lemma primitive_separates_unless_constant:
  assumes G: "perm_group \<Omega> G" and prim: "primitive \<Omega> G"
    and "a \<in> \<Omega>" "b \<in> \<Omega>" and same: "\<forall>g\<in>G. f (g a) = f (g b)"
  shows "a = b \<or> (\<forall>x\<in>\<Omega>. \<forall>y\<in>\<Omega>. f x = f y)"
proof -
  define E where "E = {(x, y) \<in> \<Omega> \<times> \<Omega>. \<forall>g\<in>G. f (g x) = f (g y)}"
  have "equiv \<Omega> E"
    unfolding E_def equiv_def refl_on_def sym_def trans_def by auto
  moreover have "preserves_rel G E"
    unfolding preserves_rel_def
  proof (intro ballI, clarify)
    fix g x y assume g: "g \<in> G" and "(x, y) \<in> E"
    then have xy: "x \<in> \<Omega>" "y \<in> \<Omega>" and "\<forall>g'\<in>G. f (compose \<Omega> g' g x) = f (compose \<Omega> g' g y)"
      using perm_group_compose[OF G g] unfolding E_def by auto
    then show "(g x, g y) \<in> E"
      using perm_group_closed[OF G g] unfolding E_def by (simp add: compose_eq)
  qed
  ultimately consider "E = Id_on \<Omega>" | "E = \<Omega> \<times> \<Omega>"
    using prim unfolding primitive_def by blast
  then show ?thesis
  proof cases
    case 1
    have "(a, b) \<in> E"
      using assms(3,4) same unfolding E_def by blast
    then show ?thesis
      using 1 by auto
  next
    case 2
    have id: "restrict id \<Omega> \<in> G"
      using G unfolding perm_group_def by simp
    have "f x = f y" if "x \<in> \<Omega>" "y \<in> \<Omega>" for x y
    proof -
      have "\<forall>g\<in>G. f (g x) = f (g y)"
        using 2 that unfolding E_def by blast
      then have "f (restrict id \<Omega> x) = f (restrict id \<Omega> y)"
        using id by blast
      then show ?thesis
        using that by simp
    qed
    then show ?thesis by blast
  qed
qed

lemma min_rank_compose_constant_outside:
  assumes S: "transf_semigroup \<Omega> S" and fin: "finite \<Omega>"
    and G: "perm_group \<Omega> G" "G \<subseteq> S" and tr: "transitive_on \<Omega> G"
    and f: "f \<in> S" and min: "\<forall>h\<in>S. rank \<Omega> f \<le> rank \<Omega> h"
    and m: "m * rank \<Omega> f = card \<Omega>" and h: "h \<in> S" and s: "s \<in> S"
    and K: "K \<subseteq> kernel_partition \<Omega> h" "\<And>B. B \<in> K \<Longrightarrow> card B = m"
    and complement: "card (\<Omega> - \<Union>K) = m"
    and x: "x \<in> \<Omega> - \<Union>K" and z: "z \<in> \<Omega> - \<Union>K"
  shows "f (s (h x)) = f (s (h z))"
proof -
  define k where "k = compose \<Omega> f (compose \<Omega> s h)"
  have k_eq: "k y = f (s (h y))" if "y \<in> \<Omega>" for y
    using that transf_semigroup_closed[OF S h] by (simp add: k_def compose_eq)
  have "compose \<Omega> s h \<in> S"
    using S h s unfolding transf_semigroup_def by blast
  then have k: "k \<in> S" "rank \<Omega> k = rank \<Omega> f"
    unfolding k_def using S f s rank_compose_min_rank[OF S fin f min]
    by (auto simp: transf_semigroup_def)
  have "rank \<Omega> f > 0"
    using x fin unfolding rank_def by (auto simp: card_gt_0_iff)
  moreover have "card {w \<in> \<Omega>. k w = k y} * rank \<Omega> f = m * rank \<Omega> f" if "y \<in> \<Omega>" for y
    using card_kernel_class_min_rank[OF S fin G tr k(1), of "k y"] k(2) min m that by simp
  ultimately have uniform: "card {w \<in> \<Omega>. k w = k y} = m" if "y \<in> \<Omega>" for y
    using that by simp
  have "k x = k z"
    using fin _ uniform K complement x z
    by (rule coarser_kernel_constant_outside) (simp add: k_eq)
  then show ?thesis
    using x z k_eq by simp
qed

lemma card_kernel_classes_of_quotient_size_ne:
  assumes S: "transf_semigroup \<Omega> S" and fin: "finite \<Omega>"
    and G: "perm_group \<Omega> G" "G \<subseteq> S" and prim: "primitive \<Omega> G"
    and f: "f \<in> S" and min: "\<forall>h\<in>S. rank \<Omega> f \<le> rank \<Omega> h" and r: "1 < rank \<Omega> f"
    and h: "h \<in> S" "rank \<Omega> f < rank \<Omega> h"
  shows "card {B \<in> kernel_partition \<Omega> h. card B * rank \<Omega> f = card \<Omega>} \<noteq> rank \<Omega> f - 1"
proof
  define K where "K = {B \<in> kernel_partition \<Omega> h. card B * rank \<Omega> f = card \<Omega>}"
  assume card_K: "card K = rank \<Omega> f - 1"
  have tr: "transitive_on \<Omega> G"
    using prim unfolding primitive_def by simp
  obtain x0 where "x0 \<in> \<Omega>"
    using r unfolding rank_def by fastforce
  define m where "m = card {x \<in> \<Omega>. f x = f x0}"
  have m: "m * rank \<Omega> f = card \<Omega>"
    using card_kernel_class_min_rank[OF S fin G tr f min] \<open>x0 \<in> \<Omega>\<close> m_def by blast
  have K_sub: "K \<subseteq> kernel_partition \<Omega> h"
    unfolding K_def by blast
  have K_size: "card B = m" if "B \<in> K" for B
  proof -
    have "card B * rank \<Omega> f = m * rank \<Omega> f"
      using m that unfolding K_def by simp
    then show ?thesis
      using r by simp
  qed
  have complement: "card (\<Omega> - \<Union>K) = m"
    using card_Diff_Union_kernel_classes[OF fin K_sub K_size] card_K m r
    by (cases "rank \<Omega> f") (auto simp: algebra_simps)
  have "card K + 2 \<le> rank \<Omega> h"
    using card_K h(2) r by simp
  then obtain x1 x2 where x: "x1 \<in> \<Omega> - \<Union>K" "x2 \<in> \<Omega> - \<Union>K" and "h x1 \<noteq> h x2"
    by (rule two_kernel_classes_outside[OF fin K_sub])
  moreover have "h x1 \<in> \<Omega>" "h x2 \<in> \<Omega>"
    using x transf_semigroup_closed[OF S h(1)] by auto
  moreover have "\<forall>g\<in>G. f (g (h x1)) = f (g (h x2))"
    using min_rank_compose_constant_outside[OF S fin G tr f min m h(1) _ K_sub K_size complement x] G(2)
    by blast
  ultimately have "\<forall>x\<in>\<Omega>. \<forall>y\<in>\<Omega>. f x = f y"
    using primitive_separates_unless_constant[OF G(1) prim] by blast
  then have "f ` \<Omega> \<subseteq> {f x0}"
    using \<open>x0 \<in> \<Omega>\<close> by blast
  then have "rank \<Omega> f \<le> 1"
    unfolding rank_def using card_mono[of "{f x0}"] by fastforce
  then show False
    using r by simp
qed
****************
**Problem to work on**
Only lines that contain the string "moreover" count; pick each one out of the records and copy it.

**Result of this exercise**
  moreover have "preserves_rel G E"
  moreover have "card {w \<in> \<Omega>. k w = k y} * rank \<Omega> f = m * rank \<Omega> f" if "y \<in> \<Omega>" for y
  moreover have "h x1 \<in> \<Omega>" "h x2 \<in> \<Omega>"
  moreover have "\<forall>g\<in>G. f (g (h x1)) = f (g (h x2))"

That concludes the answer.